[[ Data provided, beginning ]]
lemma tau_tangent_sum:
  fixes D DDd DDt :: "nat \<Rightarrow> complex" and Dt DDtt :: complex and y :: "nat \<Rightarrow> real" and \<sigma> \<rho> :: real
  assumes \<sigma>: "\<sigma>\<^sup>2 = 1" and \<rho>: "\<rho> > 0"
    and euler: "(\<Sum>l=1..N. D l * of_real (y l)) + Dt * of_real (\<sigma> * \<rho>) = 0"
    and euler': "(\<Sum>l=1..N. DDt l * of_real (y l)) + DDtt * of_real (\<sigma> * \<rho>) = - Dt"
    and trace: "- DDtt + (\<Sum>k=1..N. DDd k) = 0"
  shows "of_real \<rho> * (\<Sum>i=1..N. of_real (- (y i / \<rho>) / \<rho>\<^sup>2) * D i
      + of_real (1 / \<rho>) * (DDd i + DDt i * of_real (\<sigma> * (y i / \<rho>)))) = 0"
proof -
  have pointwise: "of_real \<rho> * (of_real (- (y i / \<rho>) / \<rho>\<^sup>2) * D i + of_real (1 / \<rho>) * (DDd i + DDt i * of_real (\<sigma> * (y i / \<rho>))))
      = of_real (- 1 / \<rho>\<^sup>2) * (D i * of_real (y i)) + DDd i + of_real (\<sigma> / \<rho>) * (DDt i * of_real (y i))" for i
    using \<rho> by (simp add: field_simps power2_eq_square)
  have "of_real \<rho> * (\<Sum>i=1..N. of_real (- (y i / \<rho>) / \<rho>\<^sup>2) * D i
      + of_real (1 / \<rho>) * (DDd i + DDt i * of_real (\<sigma> * (y i / \<rho>))))
      = (\<Sum>i=1..N. of_real (- 1 / \<rho>\<^sup>2) * (D i * of_real (y i)) + DDd i + of_real (\<sigma> / \<rho>) * (DDt i * of_real (y i)))"
    unfolding sum_distrib_left pointwise ..
  also have "\<dots> = of_real (- 1 / \<rho>\<^sup>2) * (\<Sum>i=1..N. D i * of_real (y i)) + (\<Sum>i=1..N. DDd i)
      + of_real (\<sigma> / \<rho>) * (\<Sum>i=1..N. DDt i * of_real (y i))"
    by (simp only: sum.distrib sum_distrib_left)
  also have "(\<Sum>i=1..N. D i * of_real (y i)) = - Dt * of_real (\<sigma> * \<rho>)"
    using euler by (simp add: eq_neg_iff_add_eq_0)
  also have "(\<Sum>i=1..N. DDt i * of_real (y i)) = - Dt - DDtt * of_real (\<sigma> * \<rho>)"
    using euler' by (simp add: algebra_simps)
  also have "(\<Sum>i=1..N. DDd i) = DDtt"
    using trace by simp
  also have "of_real (- 1 / \<rho>\<^sup>2) * (- Dt * of_real (\<sigma> * \<rho>)) + DDtt
      + of_real (\<sigma> / \<rho>) * (- Dt - DDtt * of_real (\<sigma> * \<rho>)) = 0"
  proof -
    have "complex_of_real \<sigma> * of_real \<sigma> = 1" using \<sigma> by (metis of_real_1 of_real_mult power2_eq_square)
    then show ?thesis using \<rho> by (simp add: field_simps power2_eq_square)
  qed
  finally show ?thesis .
qed
lemma dft_rotate:
  fixes a :: "'a::comm_semiring_1"
  assumes "a ^ n = 1" and "length c = n" and "0 < n"
  shows "dft n a c j = a ^ (j * k) * dft n a (rotate k c) j"
proof -
  let ?\<sigma> = "\<lambda>t. (k + t) mod n"
  have "inj_on ?\<sigma> {..<n}"
  proof
    fix x y assume "x \<in> {..<n}" "y \<in> {..<n}" "?\<sigma> x = ?\<sigma> y"
    then have "[x = y] (mod n)"
      by (simp flip: cong_def add: cong_add_lcancel_nat)
    with \<open>x \<in> {..<n}\<close> \<open>y \<in> {..<n}\<close> show "x = y"
      by (simp add: cong_def)
  qed
  then have \<sigma>: "bij_betw ?\<sigma> {..<n} {..<n}"
    using \<open>0 < n\<close> by (simp add: bij_betw_def endo_inj_surj image_subsetI)
  have aj: "(a ^ j) ^ n = 1"
    using assms(1) by (metis power_mult mult.commute power_one)
  have "a ^ (j * k) * dft n a (rotate k c) j = (\<Sum>t<n. c ! ?\<sigma> t * (a ^ j) ^ (k + t))"
    unfolding dft_def sum_distrib_left using assms(2)
    by (intro sum.cong refl) (simp add: nth_rotate power_add mult_ac flip: power_mult)
  also have "\<dots> = (\<Sum>t<n. c ! ?\<sigma> t * (a ^ j) ^ ?\<sigma> t)"
    using power_eq_power_mod[OF aj, of "k + t" for t] by simp
  also have "\<dots> = dft n a c j"
    unfolding dft_def using sum.reindex_bij_betw[OF \<sigma>, of "\<lambda>u. c ! u * (a ^ j) ^ u"]
    by (simp add: power_mult)
  finally show ?thesis ..
qed

lemma dft_decimation:
  fixes \<alpha> :: "'a::field"
  assumes prim: "primitive_root_of_unity (n1 * \<nu>) \<alpha>" and "0 < n1" and "i < \<nu>"
  shows "(\<Sum>s<\<nu>. ((\<alpha> ^ n1) ^ (\<nu> - i)) ^ s * dft (n1 * \<nu>) \<alpha> c (l + s * n1))
       = of_nat \<nu> * \<alpha> ^ (l * i) * dft n1 (\<alpha> ^ \<nu>) (decimate \<nu> n1 i c) l"
proof -
  have root: "primitive_root_of_unity \<nu> (\<alpha> ^ n1)"
    using primitive_root_of_unity_power[OF prim \<open>0 < n1\<close>] .
  have exponents: "((\<alpha> ^ n1) ^ (\<nu> - i)) ^ s * \<alpha> ^ ((l + s * n1) * t)
      = \<alpha> ^ (l * t) * ((\<alpha> ^ n1) ^ (\<nu> - i + t)) ^ s" for s t
    by (simp add: power_add[symmetric] power_mult[symmetric] algebra_simps)
  have "(\<Sum>s<\<nu>. ((\<alpha> ^ n1) ^ (\<nu> - i)) ^ s * dft (n1 * \<nu>) \<alpha> c (l + s * n1))
      = (\<Sum>t<n1 * \<nu>. c ! t * \<alpha> ^ (l * t) * (\<Sum>s<\<nu>. ((\<alpha> ^ n1) ^ (\<nu> - i + t)) ^ s))"
    unfolding dft_def sum_distrib_left
    by (subst sum.swap) (simp add: exponents mult.left_commute mult.assoc)
  also have "\<dots> = (\<Sum>t<n1 * \<nu>. if t mod \<nu> = i then of_nat \<nu> * (c ! t * \<alpha> ^ (l * t)) else 0)"
    using sum_powers_primitive_root_of_unity[OF root] dvd_diff_add_iff_mod_eq[OF \<open>i < \<nu>\<close>] \<open>i < \<nu>\<close>
    by (intro sum.cong refl) auto
  also have "\<dots> = (\<Sum>u<n1. of_nat \<nu> * (c ! (i + u * \<nu>) * \<alpha> ^ (l * (i + u * \<nu>))))"
    by (rule sum_residue_class[OF \<open>i < \<nu>\<close>])
  also have "\<dots> = of_nat \<nu> * \<alpha> ^ (l * i) * dft n1 (\<alpha> ^ \<nu>) (decimate \<nu> n1 i c) l"
    by (simp add: dft_decimate sum_distrib_left power_add power_mult[symmetric] algebra_simps)
  finally show ?thesis .
qed

lemma decimate_dft_eq_0_iff:
  fixes \<alpha> :: "'a::field" and C :: "'a list set"
  assumes prim: "primitive_root_of_unity (n1 * \<nu>) \<alpha>" and "0 < n1" and "i < \<nu>"
    and "of_nat \<nu> \<noteq> (0::'a)"
    and len: "\<And>c. c \<in> C \<Longrightarrow> length c = n1 * \<nu>"
    and rot: "\<And>c k. c \<in> C \<Longrightarrow> rotate k c \<in> C"
  shows "(\<forall>c\<in>C. dft n1 (\<alpha> ^ \<nu>) (decimate \<nu> n1 i c) l = 0)
     \<longleftrightarrow> (\<forall>j<\<nu>. \<forall>c\<in>C. dft (n1 * \<nu>) \<alpha> c (l + j * n1) = 0)"
proof -
  let ?n = "n1 * \<nu>" and ?\<zeta> = "\<alpha> ^ n1"
  \<comment> \<open>\<open>?\<zeta> ^ (\<nu> - i)\<close> stands for \<open>?\<zeta> ^ (- i)\<close>\<close>
  define x where "x c s = (?\<zeta> ^ (\<nu> - i)) ^ s * dft ?n \<alpha> c (l + s * n1)" for c s
  have "0 < ?n"
    using \<open>0 < n1\<close> \<open>i < \<nu>\<close> by simp
  then have "\<alpha> \<noteq> 0"
    using primitive_root_of_unity_nonzero[OF prim] by simp
  have \<alpha>: "\<alpha> ^ ?n = 1"
    using prim by (simp add: primitive_root_of_unity_def)
  have decimation: "dft n1 (\<alpha> ^ \<nu>) (decimate \<nu> n1 i c) l = 0 \<longleftrightarrow> (\<Sum>s<\<nu>. x c s) = 0" for c
    using dft_decimation[OF prim \<open>0 < n1\<close> \<open>i < \<nu>\<close>, of c l] assms(4) \<open>\<alpha> \<noteq> 0\<close> by (simp add: x_def)
  have shifted: "(\<Sum>s<\<nu>. x c s * (?\<zeta> ^ s) ^ r) = 0"
    if "c \<in> C" and "r < \<nu>" and zero: "\<forall>c\<in>C. (\<Sum>s<\<nu>. x c s) = 0" for c r
  proof -
    let ?d = "rotate (?n - r) c"
    have "r \<le> ?n"
      using mult_le_mono1[of 1 n1 \<nu>] \<open>r < \<nu>\<close> \<open>0 < n1\<close> by linarith
    then have "rotate r ?d = c"
      using len[OF \<open>c \<in> C\<close>] by (simp add: rotate_rotate)
    then have "dft ?n \<alpha> ?d j = \<alpha> ^ (j * r) * dft ?n \<alpha> c j" for j
      using dft_rotate[OF \<alpha> len[OF rot[OF \<open>c \<in> C\<close>, of "?n - r"]] \<open>0 < ?n\<close>, of j r] by simp
    then have "x ?d s = \<alpha> ^ (l * r) * (x c s * (?\<zeta> ^ s) ^ r)" for s
      by (simp add: x_def algebra_simps power_add flip: power_mult)
    then have "\<alpha> ^ (l * r) * (\<Sum>s<\<nu>. x c s * (?\<zeta> ^ s) ^ r) = (\<Sum>s<\<nu>. x ?d s)"
      by (simp add: sum_distrib_left)
    also have "\<dots> = 0"
      using zero rot[OF \<open>c \<in> C\<close>] by blast
    finally have "\<alpha> ^ (l * r) * (\<Sum>s<\<nu>. x c s * (?\<zeta> ^ s) ^ r) = 0" .
    then show ?thesis
      using \<open>\<alpha> \<noteq> 0\<close> by simp
  qed
  show ?thesis
  proof
    assume "\<forall>c\<in>C. dft n1 (\<alpha> ^ \<nu>) (decimate \<nu> n1 i c) l = 0"
    then have zero: "\<forall>c\<in>C. (\<Sum>s<\<nu>. x c s) = 0"
      using decimation by blast
    have "x c j = 0" if "c \<in> C" and "j < \<nu>" for c j
      using dft_coeff_eq_0_if_dft_vanishes[OF primitive_root_of_unity_power[OF prim \<open>0 < n1\<close>] assms(4)]
        shifted[OF \<open>c \<in> C\<close> _ zero] \<open>j < \<nu>\<close> by blast
    then show "\<forall>j<\<nu>. \<forall>c\<in>C. dft ?n \<alpha> c (l + j * n1) = 0"
      using \<open>\<alpha> \<noteq> 0\<close> by (simp add: x_def)
  next
    assume "\<forall>j<\<nu>. \<forall>c\<in>C. dft ?n \<alpha> c (l + j * n1) = 0"
    then show "\<forall>c\<in>C. dft n1 (\<alpha> ^ \<nu>) (decimate \<nu> n1 i c) l = 0"
      using decimation by (simp add: x_def)
  qed
qed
[[ Data provided, end ]]
### How to complete this task
Reproduce every line above containing "pointwise".

### Answer
  have pointwise: "of_real \<rho> * (of_real (- (y i / \<rho>) / \<rho>\<^sup>2) * D i + of_real (1 / \<rho>) * (DDd i + DDt i * of_real (\<sigma> * (y i / \<rho>))))
    unfolding sum_distrib_left pointwise ..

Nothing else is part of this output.